3. You can create a system where packets are addressed based on a globally unique ID that identifies the target. The address stays the same at each hop. Each hop uses this target address to send the packet logically closer to the designation. Usually in this case the source globally unique address is included to allow replies. This has several advantages. Protocols to look up addresses can return the same final unique destination address regardless of where the packet starts. It is a good system and how IP works.
Another key aspect of a protocol definition is the way it works with layers. You have distinct layers that are responsible for different levels of communications. E.g. a low level that gets packets to their destination. Layers above provide session management and reliable communications with retransmission and acknowledgments. Layers above provide more complex protocols like web pages and email and so on. The principle is that you have well defined interfaces between layers and a general hiding of information between layers to some extent.

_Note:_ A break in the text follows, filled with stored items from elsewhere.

lemma simple_function_compact_partition:
  fixes \<mu> :: "'a::{second_countable_topology, complete_space} measure" and g :: "'a \<Rightarrow> ennreal"
  assumes \<mu>: "borel_prob \<mu>" and g: "simple_function \<mu> g" and \<eta>: "0 < \<eta>"
  obtains K where "\<And>v. compact (K v)" "\<And>v. K v \<subseteq> g -` {v}"
    "emeasure \<mu> (- (\<Union>v\<in>range g. K v)) \<le> ennreal \<eta>"
proof -
  interpret prob_space \<mu> using \<mu> by (simp add: borel_prob_def)
  have sets: "sets \<mu> = sets borel" using \<mu> by (simp add: borel_prob_def)
  have space: "space \<mu> = UNIV" using sets_eq_imp_space_eq[OF sets] by simp
  have fin: "finite (range g)" using g by (simp add: simple_function_def space)
  have level_sets: "g -` {v} \<in> sets borel" for v
    using simple_functionD(2)[OF g, of "{v}"] by (simp add: space sets)
  define \<delta> where "\<delta> = \<eta> / real (card (range g))"
  have \<delta>: "0 < \<delta>" using \<eta> fin by (simp add: \<delta>_def card_gt_0_iff)
  have "\<exists>K. K \<subseteq> g -` {v} \<and> compact K \<and> emeasure \<mu> (g -` {v} - K) \<le> ennreal \<delta>" for v
    using borel_prob_inner_compact[OF \<mu> level_sets \<delta>] by metis
  then obtain K where K: "\<And>v. K v \<subseteq> g -` {v}" "\<And>v. compact (K v)"
    "\<And>v. emeasure \<mu> (g -` {v} - K v) \<le> ennreal \<delta>"
    by metis
  have K_sets: "g -` {v} - K v \<in> sets \<mu>" for v
    unfolding sets by (intro sets.Diff level_sets borel_compact K(2))
  have "- (\<Union>v\<in>range g. K v) \<subseteq> (\<Union>v\<in>range g. g -` {v} - K v)" by auto
  then have "emeasure \<mu> (- (\<Union>v\<in>range g. K v)) \<le> emeasure \<mu> (\<Union>v\<in>range g. g -` {v} - K v)"
    by (rule emeasure_mono[OF _ sets.finite_UN[OF fin K_sets]])
  also have "\<dots> \<le> (\<Sum>v\<in>range g. emeasure \<mu> (g -` {v} - K v))"
    using K_sets fin by (intro emeasure_subadditive_finite) auto
  also have "\<dots> \<le> (\<Sum>v\<in>range g. ennreal \<delta>)"
    by (intro sum_mono K(3))
  also have "\<dots> = ennreal \<eta>"
    using fin \<delta> by (simp add: \<delta>_def ennreal_of_nat_eq_real_of_nat card_gt_0_iff flip: ennreal_mult)
  finally show ?thesis using that K(1,2) by blast
qed
text \<open>
  Put \<open>\<Psi>\<^sub>\<tau> w = \<integral>\<^sub>0\<^sup>\<tau> F\<^sub>s w ds\<close>. By the semigroup law
  \<open>\<Psi>\<^sub>\<tau>(F\<^sub>t z)\<close> is the integral of the orbit of \<open>z\<close> over \<open>[t, t + \<tau>]\<close>,
  so it is differentiable in \<open>t\<close> with derivative \<open>F\<^sub>\<tau>(F\<^sub>t z) - F\<^sub>t z\<close>.
  The map \<open>\<Psi>\<^sub>\<tau>\<close> is holomorphic, and \<open>\<Psi>\<^sub>\<tau>' \<approx> \<tau>\<close> for small \<open>\<tau>\<close> since \<open>F\<^sub>0\<close> is
  the identity and \<open>F\<^sub>s'\<close> depends continuously on \<open>s\<close> (Cauchy estimates). Where
  \<open>\<Psi>\<^sub>\<tau>' \<noteq> 0\<close> the orbit is therefore differentiable itself, with velocity
  \<open>(F\<^sub>\<tau> w - w) / \<Psi>\<^sub>\<tau>'(w)\<close> at \<open>w = F\<^sub>t z\<close>, a holomorphic function of \<open>w\<close>.
  Integrating the cocycle identity over \<open>s \<in> [0, 1]\<close> writes \<open>H\<^sub>t z\<close> as the integral of
  \<open>H\<^sub>r z\<close> over \<open>[t, t + 1]\<close>, minus \<open>\<Phi>(F\<^sub>t z)\<close> with \<open>\<Phi> w = \<integral>\<^sub>0\<^sup>1 H\<^sub>s w ds\<close>, plus
  \<open>F\<^sub>t z\<close>; differentiating in \<open>t\<close> gives a holomorphic function of \<open>F\<^sub>t z\<close> again.
\<close>

lemma has_vector_derivative_complex_iff_tendsto_quotient:
  fixes f :: "real \<Rightarrow> complex"
  shows "(f has_vector_derivative D) (at x within S) \<longleftrightarrow>
         ((\<lambda>y. (f y - f x) / of_real (y - x)) \<longlongrightarrow> D) (at x within S)"
  by (simp add: has_vector_derivative_complex_iff has_field_derivative_iff tendsto_complex_iff
      Re_divide_of_real Im_divide_of_real)
(* Let $X,Y\in\mathcal{H}$ be random variables, $\mathbb{E}$ a sub-linear expectation and $(\mathbb{V},v)$ the pair of capacities generated by $\mathbb{E}$. If $X$ is independent of $Y$ under $\mathbb{E}$, then for all Borel sets $D,G\subset\mathbb{R}$, $$\mathbb{V}(X\in D,Y\in G)=\mathbb{V}(X\in D)\,\mathbb{V}(Y\in G)\quad\text{and}\quad v(X\in D,Y\in G)=v(X\in D)\,v(Y\in G),$$ i.e. $X$ is pairwise independent of $Y$ under both $\mathbb{V}$ and $v$.
   Context: Let $(\Omega,\mathcal{F})$ be a measurable space, $\mathcal{P}$ a nonempty set of probability measures on it, and $\mathcal{H}$ a set of real random variables on $(\Omega,\mathcal{F})$ containing indicator-type functions of the random variables considered. The sub-linear expectation is $\mathbb{E}[\xi]:=\sup_{P\in\mathcal{P}}E_P[\xi]$; it generates the capacities $\mathbb{V}(A):=\mathbb{E}[I_A]=\sup_{P\in\mathcal{P}}P(A)$ and $v(A):=-\mathbb{E}[-I_A]=\inf_{P\in\mathcal{P}}P(A)$. Independence (Peng): $X$ is independent of $Y$ under $\mathbb{E}$ if for every measurable $\varphi$ on $\mathbb{R}^2$ (with relevant quantities in $\mathcal{H}$), $\mathbb{E}[\varphi(Y,X)]=\mathbb{E}[\overline{\varphi}(Y)]$ with $\overline{\varphi}(y):=\mathbb{E}[\varphi(y,X)]$. *)

theory Defs
  imports "HOL-Probability.Probability"
begin

definition sublin_exp :: "'a measure set \<Rightarrow> ('a \<Rightarrow> real) \<Rightarrow> real" where
  "sublin_exp \<P> \<xi> = (SUP P\<in>\<P>. integral\<^sup>L P \<xi>)"

definition upper_cap :: "'a measure set \<Rightarrow> 'a set \<Rightarrow> real" where
  "upper_cap \<P> A = sublin_exp \<P> (indicator A)"

definition lower_cap :: "'a measure set \<Rightarrow> 'a set \<Rightarrow> real" where
  "lower_cap \<P> A = - sublin_exp \<P> (\<lambda>\<omega>. - indicator A \<omega>)"

text \<open>Peng independence: X is independent of Y under E. For every Borel
  \<phi> on R^2 such that the relevant quantities lie in H:
  E[\<phi>(Y,X)] = E[\<phi>bar(Y)] where \<phi>bar(y) = E[\<phi>(y,X)].\<close>
definition peng_indep ::
  "'a measure set \<Rightarrow> ('a \<Rightarrow> real) set \<Rightarrow> ('a \<Rightarrow> real) \<Rightarrow> ('a \<Rightarrow> real) \<Rightarrow> bool" where
  "peng_indep \<P> \<H> X Y \<longleftrightarrow>
     (\<forall>\<phi> :: real \<times> real \<Rightarrow> real. \<phi> \<in> borel_measurable borel \<longrightarrow>
        (\<lambda>\<omega>. \<phi> (Y \<omega>, X \<omega>)) \<in> \<H> \<longrightarrow>
        (\<forall>y. (\<lambda>\<omega>. \<phi> (y, X \<omega>)) \<in> \<H>) \<longrightarrow>
        (\<lambda>\<omega>. sublin_exp \<P> (\<lambda>\<omega>'. \<phi> (Y \<omega>, X \<omega>'))) \<in> \<H> \<longrightarrow>
        sublin_exp \<P> (\<lambda>\<omega>. \<phi> (Y \<omega>, X \<omega>)) =
        sublin_exp \<P> (\<lambda>\<omega>. sublin_exp \<P> (\<lambda>\<omega>'. \<phi> (Y \<omega>, X \<omega>'))))"

end

theory Submission
  imports Defs
begin

text \<open>Both capacities are sublinear expectations of the indicator of \<open>{X \<in> D} \<inter> {Y \<in> G}\<close>,
  i.e. of \<open>\<phi>(Y, X)\<close> with \<open>\<phi>(y, x) = \<plusminus>1\<^sub>D(x) 1\<^sub>G(y)\<close>. Independence evaluates the inner
  expectation first, giving \<open>c 1\<^sub>G(y)\<close> with the constant \<open>c = \<bbbE>[\<plusminus>1\<^sub>D(X)]\<close>; since the sign
  of \<open>c\<close> is known, positive homogeneity of \<open>\<bbbE>\<close> pulls it out of the outer expectation.\<close>

lemma sublin_exp_cong:
  assumes "\<And>P \<omega>. P \<in> \<P> \<Longrightarrow> \<omega> \<in> space P \<Longrightarrow> f \<omega> = g \<omega>"
  shows "sublin_exp \<P> f = sublin_exp \<P> g"
  unfolding sublin_exp_def
  by (rule SUP_cong[OF refl], rule Bochner_Integration.integral_cong[OF refl]) (simp add: assms)

lemma upper_cap_eq_sublin_exp:
  assumes "\<And>P. P \<in> \<P> \<Longrightarrow> space P = S"
  shows "upper_cap \<P> {\<omega>\<in>S. Q \<omega>} = sublin_exp \<P> (\<lambda>\<omega>. of_bool (Q \<omega>))"
  unfolding upper_cap_def by (rule sublin_exp_cong) (auto simp: assms)

lemma lower_cap_eq_sublin_exp:
  assumes "\<And>P. P \<in> \<P> \<Longrightarrow> space P = S"
  shows "lower_cap \<P> {\<omega>\<in>S. Q \<omega>} = - sublin_exp \<P> (\<lambda>\<omega>. - of_bool (Q \<omega>))"
  unfolding lower_cap_def by (rule arg_cong[where f = uminus], rule sublin_exp_cong) (auto simp: assms)

locale sublinear_expectation_space =
  fixes \<P> :: "'a measure set" and \<H> :: "('a \<Rightarrow> real) set"
  assumes P_nonempty: "\<P> \<noteq> {}"
    and H_bdd: "\<And>\<xi>. \<xi> \<in> \<H> \<Longrightarrow> bdd_above ((\<lambda>P. integral\<^sup>L P \<xi>) ` \<P>)"
    and H_scale: "\<And>c \<xi>. \<xi> \<in> \<H> \<Longrightarrow> (\<lambda>\<omega>. c * \<xi> \<omega>) \<in> \<H>"
begin

lemma sublin_exp_scale:
  assumes "\<xi> \<in> \<H>" "c \<ge> 0"
  shows "sublin_exp \<P> (\<lambda>\<omega>. c * \<xi> \<omega>) = c * sublin_exp \<P> \<xi>"
proof -
  have "mono (\<lambda>x::real. c * x)"
    using assms(2) by (simp add: mono_def mult_left_mono)
  then have "c * (SUP P\<in>\<P>. integral\<^sup>L P \<xi>) = (SUP s\<in>(\<lambda>P. integral\<^sup>L P \<xi>) ` \<P>. c * s)"
    by (rule continuous_at_Sup_mono)
      (auto intro!: continuous_intros simp: P_nonempty H_bdd[OF assms(1)])
  then show ?thesis
    by (simp add: sublin_exp_def image_image)
qed

lemma sublin_exp_nonneg:
  assumes "\<xi> \<in> \<H>" "\<And>\<omega>. \<xi> \<omega> \<ge> 0"
  shows "sublin_exp \<P> \<xi> \<ge> 0"
proof -
  obtain P where P: "P \<in> \<P>"
    using P_nonempty by blast
  have "0 \<le> integral\<^sup>L P \<xi>"
    using assms(2) by simp
  also have "\<dots> \<le> sublin_exp \<P> \<xi>"
    unfolding sublin_exp_def by (rule cSUP_upper[OF P H_bdd[OF assms(1)]])
  finally show ?thesis .
qed

lemma sublin_exp_nonpos:
  assumes "\<And>\<omega>. \<xi> \<omega> \<le> 0"
  shows "sublin_exp \<P> \<xi> \<le> 0"
  unfolding sublin_exp_def
proof (rule cSUP_least[OF P_nonempty])
  fix P
  show "integral\<^sup>L P \<xi> \<le> 0"
    using Bochner_Integration.integral_nonneg[of P "\<lambda>\<omega>. - \<xi> \<omega>"] assms by simp
qed

lemma peng_indep_sublin_exp_mult:
  assumes indep: "peng_indep \<P> \<H> X Y"
    and f: "f \<in> borel_measurable borel" and g: "g \<in> borel_measurable borel"
    and g_nonneg: "\<And>y. g y \<ge> 0"
    and fX: "(\<lambda>\<omega>. f (X \<omega>)) \<in> \<H>" and gY: "(\<lambda>\<omega>. g (Y \<omega>)) \<in> \<H>"
    and fXgY: "(\<lambda>\<omega>. f (X \<omega>) * g (Y \<omega>)) \<in> \<H>"
  shows "sublin_exp \<P> (\<lambda>\<omega>. f (X \<omega>) * g (Y \<omega>))
       = sublin_exp \<P> (\<lambda>\<omega>. sublin_exp \<P> (\<lambda>\<omega>. f (X \<omega>)) * g (Y \<omega>))"
proof -
  define \<phi> where "\<phi> = (\<lambda>(y, x). f x * g y)"
  have "\<phi> \<in> borel_measurable (borel \<Otimes>\<^sub>M borel)"
    unfolding \<phi>_def using f g by measurable
  then have \<phi>_borel: "\<phi> \<in> borel_measurable borel"
    by (simp add: borel_prod)
  have inner: "sublin_exp \<P> (\<lambda>\<omega>'. \<phi> (y, X \<omega>')) = sublin_exp \<P> (\<lambda>\<omega>. f (X \<omega>)) * g y" for y
    using sublin_exp_scale[OF fX g_nonneg[of y]] by (simp add: \<phi>_def mult.commute)
  have "(\<lambda>\<omega>. \<phi> (y, X \<omega>)) \<in> \<H>" for y
    using H_scale[OF fX, of "g y"] by (simp add: \<phi>_def mult.commute)
  moreover have "(\<lambda>\<omega>. sublin_exp \<P> (\<lambda>\<omega>'. \<phi> (Y \<omega>, X \<omega>'))) \<in> \<H>"
    using H_scale[OF gY] by (simp add: inner)
  moreover have "(\<lambda>\<omega>. \<phi> (Y \<omega>, X \<omega>)) \<in> \<H>"
    using fXgY by (simp add: \<phi>_def)
  ultimately have "sublin_exp \<P> (\<lambda>\<omega>. \<phi> (Y \<omega>, X \<omega>))
      = sublin_exp \<P> (\<lambda>\<omega>. sublin_exp \<P> (\<lambda>\<omega>'. \<phi> (Y \<omega>, X \<omega>')))"
    using indep \<phi>_borel unfolding peng_indep_def by blast
  then show ?thesis
    by (simp only: inner) (simp add: \<phi>_def)
qed

lemma peng_indep_sublin_exp_mult_nonneg:
  assumes "peng_indep \<P> \<H> X Y"
    and "f \<in> borel_measurable borel" "g \<in> borel_measurable borel"
    and f_nonneg: "\<And>x. f x \<ge> 0" and "\<And>y. g y \<ge> 0"
    and fX: "(\<lambda>\<omega>. f (X \<omega>)) \<in> \<H>" and gY: "(\<lambda>\<omega>. g (Y \<omega>)) \<in> \<H>"
    and "(\<lambda>\<omega>. f (X \<omega>) * g (Y \<omega>)) \<in> \<H>"
  shows "sublin_exp \<P> (\<lambda>\<omega>. f (X \<omega>) * g (Y \<omega>))
       = sublin_exp \<P> (\<lambda>\<omega>. f (X \<omega>)) * sublin_exp \<P> (\<lambda>\<omega>. g (Y \<omega>))"
  using peng_indep_sublin_exp_mult[OF assms(1-3,5-8)]
    sublin_exp_scale[OF gY sublin_exp_nonneg[OF fX f_nonneg]]
  by simp

lemma peng_indep_sublin_exp_mult_nonpos:
  assumes "peng_indep \<P> \<H> X Y"
    and "f \<in> borel_measurable borel" "g \<in> borel_measurable borel"
    and f_nonpos: "\<And>x. f x \<le> 0" and "\<And>y. g y \<ge> 0"
    and "(\<lambda>\<omega>. f (X \<omega>)) \<in> \<H>" and gY: "(\<lambda>\<omega>. g (Y \<omega>)) \<in> \<H>"
    and "(\<lambda>\<omega>. f (X \<omega>) * g (Y \<omega>)) \<in> \<H>"
  shows "sublin_exp \<P> (\<lambda>\<omega>. f (X \<omega>) * g (Y \<omega>))
       = (- sublin_exp \<P> (\<lambda>\<omega>. f (X \<omega>))) * sublin_exp \<P> (\<lambda>\<omega>. - g (Y \<omega>))"
proof -
  have "- sublin_exp \<P> (\<lambda>\<omega>. f (X \<omega>)) \<ge> 0"
    using sublin_exp_nonpos[of "\<lambda>\<omega>. f (X \<omega>)"] f_nonpos by simp
  moreover have "(\<lambda>\<omega>. - g (Y \<omega>)) \<in> \<H>"
    using H_scale[OF gY, of "-1"] by simp
  ultimately show ?thesis
    using peng_indep_sublin_exp_mult[OF assms(1-3,5-8)]
      sublin_exp_scale[of "\<lambda>\<omega>. - g (Y \<omega>)" "- sublin_exp \<P> (\<lambda>\<omega>. f (X \<omega>))"]
    by simp
qed

end

theorem lemma1:
  fixes M :: "'a measure" and \<P> :: "'a measure set"
    and \<H> :: "('a \<Rightarrow> real) set" and X Y :: "'a \<Rightarrow> real"
  assumes P_nonempty: "\<P> \<noteq> {}"
    and P_prob: "\<And>P. P \<in> \<P> \<Longrightarrow> prob_space P \<and> sets P = sets M"
    and H_meas: "\<H> \<subseteq> borel_measurable M"
    and H_integrable: "\<And>\<xi> P. \<xi> \<in> \<H> \<Longrightarrow> P \<in> \<P> \<Longrightarrow> integrable P \<xi>"
    and H_bdd: "\<And>\<xi>. \<xi> \<in> \<H> \<Longrightarrow> bdd_above ((\<lambda>P. integral\<^sup>L P \<xi>) ` \<P>)"
    and H_scale: "\<And>c \<xi>. \<xi> \<in> \<H> \<Longrightarrow> (\<lambda>\<omega>. c * \<xi> \<omega>) \<in> \<H>"
    and H_ind: "\<And>D G. D \<in> sets borel \<Longrightarrow> G \<in> sets borel \<Longrightarrow>
        (\<lambda>\<omega>. indicator D (X \<omega>) * indicator G (Y \<omega>)) \<in> \<H> \<and>
        (\<lambda>\<omega>. indicator D (X \<omega>)) \<in> \<H> \<and> (\<lambda>\<omega>. indicator G (Y \<omega>)) \<in> \<H>"
    and X_H: "X \<in> \<H>" and Y_H: "Y \<in> \<H>"
    and indep: "peng_indep \<P> \<H> X Y"
    and D: "D \<in> sets borel" and G: "G \<in> sets borel"
  shows "upper_cap \<P> {\<omega>\<in>space M. X \<omega> \<in> D \<and> Y \<omega> \<in> G}
           = upper_cap \<P> {\<omega>\<in>space M. X \<omega> \<in> D} * upper_cap \<P> {\<omega>\<in>space M. Y \<omega> \<in> G}
       \<and> lower_cap \<P> {\<omega>\<in>space M. X \<omega> \<in> D \<and> Y \<omega> \<in> G}
           = lower_cap \<P> {\<omega>\<in>space M. X \<omega> \<in> D} * lower_cap \<P> {\<omega>\<in>space M. Y \<omega> \<in> G}"
proof -
  interpret sublinear_expectation_space \<P> \<H>
    using P_nonempty H_bdd H_scale by unfold_locales
  define iD iG where "iD = (\<lambda>x. indicator D x :: real)" and "iG = (\<lambda>y. indicator G y :: real)"
  have space_eq: "\<And>P. P \<in> \<P> \<Longrightarrow> space P = space M"
    using P_prob sets_eq_imp_space_eq by blast
  have H: "(\<lambda>\<omega>. iD (X \<omega>)) \<in> \<H>" "(\<lambda>\<omega>. iG (Y \<omega>)) \<in> \<H>"
    "(\<lambda>\<omega>. iD (X \<omega>) * iG (Y \<omega>)) \<in> \<H>"
    using H_ind[OF D G] unfolding iD_def iG_def by auto
  have H_neg: "(\<lambda>\<omega>. - iD (X \<omega>)) \<in> \<H>" "(\<lambda>\<omega>. - iD (X \<omega>) * iG (Y \<omega>)) \<in> \<H>"
    using H_scale[OF H(1), of "-1"] H_scale[OF H(3), of "-1"] by simp_all
  have "sublin_exp \<P> (\<lambda>\<omega>. iD (X \<omega>) * iG (Y \<omega>))
      = sublin_exp \<P> (\<lambda>\<omega>. iD (X \<omega>)) * sublin_exp \<P> (\<lambda>\<omega>. iG (Y \<omega>))"
    by (rule peng_indep_sublin_exp_mult_nonneg[OF indep _ _ _ _ H]) (use D G in \<open>simp_all add: iD_def iG_def\<close>)
  moreover have "sublin_exp \<P> (\<lambda>\<omega>. - iD (X \<omega>) * iG (Y \<omega>))
      = (- sublin_exp \<P> (\<lambda>\<omega>. - iD (X \<omega>))) * sublin_exp \<P> (\<lambda>\<omega>. - iG (Y \<omega>))"
    by (rule peng_indep_sublin_exp_mult_nonpos[OF indep _ _ _ _ H_neg(1) H(2) H_neg(2)])
      (use D G in \<open>simp_all add: iD_def iG_def\<close>)
  ultimately show ?thesis
    by (simp add: upper_cap_eq_sublin_exp[OF space_eq] lower_cap_eq_sublin_exp[OF space_eq]
        of_bool_conj iD_def iG_def indicator_def)
qed

end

Internet Protocol uses the third type of addressing I listed. It means that every IP packet contains a globally unique final endpoint destination and source address. Internet Protocol also provides means for communications at higher levels to work (e.g. ICMP, UDP, TCP).
Some people have said that IPv6 is "throwing the baby out with the bathwater". IPv6 is indeed replacing the IPv4 layer. Everyone that looks at IPv6 can find one or other thing that IPv6 could also have done. There are many small niggles and problems that could have been fixed or improved in making IPv6 which is a shame. However it does address the problem with IPv4 running out of space. It is a big change, but gives us a chance to get rid of NAT now.
The alternatives being suggested, which are basically lots more NAT are a problem for a lot of reasons.
NAT breaks the basic principle of globally unique target addresses. It changes to a sort of ad-hoc connection based addressing one side. It also interferes with higher protocols like UDP and TCP. UDP cannot work as designed via NAT! NAT has to understand UDP and TCP and ICMP and make changes to that layer. In some cases NAT has to make changes at the layers above that even. NAT has to understand the way IP is used at various levels to work at all.
NAT breaks almost all innovation in protocol development. Nobody could make a new IP protocol (along side ICMP, UDP, TCP) as it simply would not work through any existing NAT router. You would have to change the software (maybe even the hardware too) for all existing NAT routers in the world to add a new protocol. You can't even rely on UDP and TCP working as they should and make new application level protocols without assuming NAT is in the way, which restricts what you can do or means changes NAT routers. People complaining about IPv6 seem to understand that changing every router is a bad thing, but that is what NAT is forcing when ever anyone makes a new protocol.
Also, the idea you can just NAT more and more for end user connections misses the point. For a start it creates resource issues for ISPs (processing power, memory for session tracking, and limited numbers of sessions due to port number limits). It creates huge traceability issues (history of every session needed). So it will not scale indefinitely.
But also this is not the only issue. What about when hosting companies have no IPv4's left and you want to host a new web server? You can't just NAT that side. You have to create all sorts of bodges. There are ways of doing it, but they create yet new issues.
NAT is an evil bodge that should never have taken off. Are we stuck with it? Probably for IPv4, but we can make a fresh start with IPv6. NAT and RFC1918 can continue to stretch IPv4 so that devices on local networks (printers, etc) can carry on working without change. But new applications can start to rely on proper IP functionality using IPv6.
Now, what will happen is that IPv4 and IPv6 run in parallel. Machines will dual stack with no problem. IPv6 can "just work" as IP was always intended. IPv4 can be carrier grade NAT'd and bodged and get increasingly broken. But we then have the best of both worlds.
We should be concentrating on making that happen. Making it seamless for end users when they next replace their router (typically small routers go bang after a year or two anyway). We need ISPs to handle the IPv6 side too.
We need any moves to create any sort of IPv6 NAT to be stamped on as soon as they are suggested.
Look forward, not back!